Perform logistic regression on the Digits dataset to classify handwritten digits. Experiment with different parameters to optimize the model's performance.

Instructions:

- Load the Digits Dataset: Use the `load_digits()` function from `sklearn.datasets` to load the Digits dataset.
- Experiment with Different Test Sizes: Modify the code to use test set sizes of 30% and 20% of the total data. Observe the changes in accuracy, precision, and recall.
- Change the `random_state` Parameter: Modify the code to use `random_state=42` and `random_state=1`. Observe the changes in the model's performance.

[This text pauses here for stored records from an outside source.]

lemma inner_p_diff: "inner_p p (\<lambda>i. a i - b i) x = inner_p p a x - inner_p p b x"
  unfolding inner_p_def by (simp add: left_diff_distrib sum_subtractf)

lemma inner_p_unit_decomp:
  assumes p: "p \<ge> 1"
  obtains e where "norm2_p p e = 1" "\<And>x. inner_p p a x = norm2_p p a * inner_p p e x"
proof (cases "norm2_p p a = 0")
  case True
  then have "\<forall>i<p. a i = 0" unfolding norm2_p_def by (simp add: sum_nonneg_eq_0_iff)
  then have "inner_p p a x = 0" for x unfolding inner_p_def by simp
  moreover have "norm2_p p (\<lambda>i. if i = 0 then 1 else 0) = 1"
    unfolding norm2_p_def using p by (simp add: if_distrib[of power2] sum.delta cong: if_cong)
  ultimately show ?thesis using that True by auto
next
  case False
  with norm2_p_nonneg[of p a] have N: "norm2_p p a > 0" by simp
  have "(norm2_p p a)\<^sup>2 = (\<Sum>i<p. (a i)\<^sup>2)" unfolding norm2_p_def by (simp add: sum_nonneg)
  then have "norm2_p p (\<lambda>i. a i / norm2_p p a) = 1"
    using N unfolding norm2_p_def by (simp add: power_divide flip: sum_divide_distrib)
  moreover have "inner_p p a x = norm2_p p a * inner_p p (\<lambda>i. a i / norm2_p p a) x" for x
    unfolding inner_p_def using N by (simp add: sum_distrib_left)
  ultimately show ?thesis using that by blast
qed

section \<open>Sorted absolute values\<close>

lemma sorted_abs_permutation:
  obtains \<sigma> where "\<sigma> permutes {..<p}" "\<And>i. i < p \<Longrightarrow> sorted_abs p a (Suc i) = \<bar>a (\<sigma> i)\<bar>"
proof -
  define xs where "xs = map (\<lambda>i. \<bar>a i\<bar>) [0..<p]"
  have "mset (rev (sort xs)) = mset xs" by simp
  then obtain \<sigma> where \<sigma>: "\<sigma> permutes {..<length xs}" "permute_list \<sigma> xs = rev (sort xs)"
    by (rule mset_eq_permutation)
  have "sorted_abs p a (Suc i) = \<bar>a (\<sigma> i)\<bar>" if "i < p" for i
  proof -
    have "\<sigma> i < p" using permutes_in_image[OF \<sigma>(1)] that by (simp add: xs_def)
    then show ?thesis
      using permute_list_nth[OF \<sigma>(1), of i] that \<sigma>(2) by (simp add: sorted_abs_def xs_def)
  qed
  with \<sigma>(1) show ?thesis by (intro that) (simp_all add: xs_def)
qed

lemma sorted_abs_antimono:
  assumes "1 \<le> i" "i \<le> j" "j \<le> p"
  shows "sorted_abs p a j \<le> sorted_abs p a i"
  unfolding sorted_abs_def using assms by (intro sorted_rev_nth_mono) (simp_all add: rev_nth)

lemma sorted_abs_nonneg:
  assumes "1 \<le> j" "j \<le> p"
  shows "0 \<le> sorted_abs p a j"
proof -
  obtain \<sigma> where "\<And>i. i < p \<Longrightarrow> sorted_abs p a (Suc i) = \<bar>a (\<sigma> i)\<bar>"
    using sorted_abs_permutation[of p a] by blast
  from this[of "j - 1"] assms show ?thesis by simp
qed

lemma sorted_abs_powr_le_sum:
  assumes q: "q > 0" and j: "1 \<le> j" "j \<le> p"
  shows "real j * sorted_abs p a j powr q \<le> (\<Sum>i<p. \<bar>a i\<bar> powr q)"
proof -
  obtain \<sigma> where \<sigma>: "\<sigma> permutes {..<p}" "\<And>i. i < p \<Longrightarrow> sorted_abs p a (Suc i) = \<bar>a (\<sigma> i)\<bar>"
    using sorted_abs_permutation[of p a] by blast
  have "real j * sorted_abs p a j powr q = (\<Sum>i<j. sorted_abs p a j powr q)" by simp
  also have "\<dots> \<le> (\<Sum>i<j. sorted_abs p a (Suc i) powr q)"
  proof (intro sum_mono powr_mono2)
    fix i assume "i \<in> {..<j}"
    then show "sorted_abs p a j \<le> sorted_abs p a (Suc i)"
      using j by (intro sorted_abs_antimono) auto
    show "0 \<le> sorted_abs p a j" using j by (rule sorted_abs_nonneg)
  qed (use q in auto)
  also have "\<dots> = (\<Sum>i<j. \<bar>a (\<sigma> i)\<bar> powr q)" using \<sigma>(2) j by simp
  also have "\<dots> \<le> (\<Sum>i<p. \<bar>a (\<sigma> i)\<bar> powr q)" using j by (intro sum_mono2) auto
  also have "\<dots> = (\<Sum>i<p. \<bar>a i\<bar> powr q)"
    using sum.permute[OF \<sigma>(1), of "\<lambda>i. \<bar>a i\<bar> powr q"] by (simp add: comp_def)
  finally show ?thesis .
qed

### Exercise 14: Logistic Regression on the "Diabetes" Dataset

Perform logistic regression on the Diabetes dataset to predict the onset of diabetes. Experiment with different parameters to optimize the model's performance.

Instructions:

- Load the Diabetes Dataset: Use the `load_diabetes()` function from `sklearn.datasets` to load the Diabetes dataset.
- Tune the C Parameter: Experiment with different values of the `C` parameter (e.g., `C=0.1`, `C=1`, `C=1000`). Observe how it affects the model's performance.
- Change Logistic Regression Parameters: Modify the `solver` parameter to 'liblinear' and 'lbfgs', and observe the performance changes.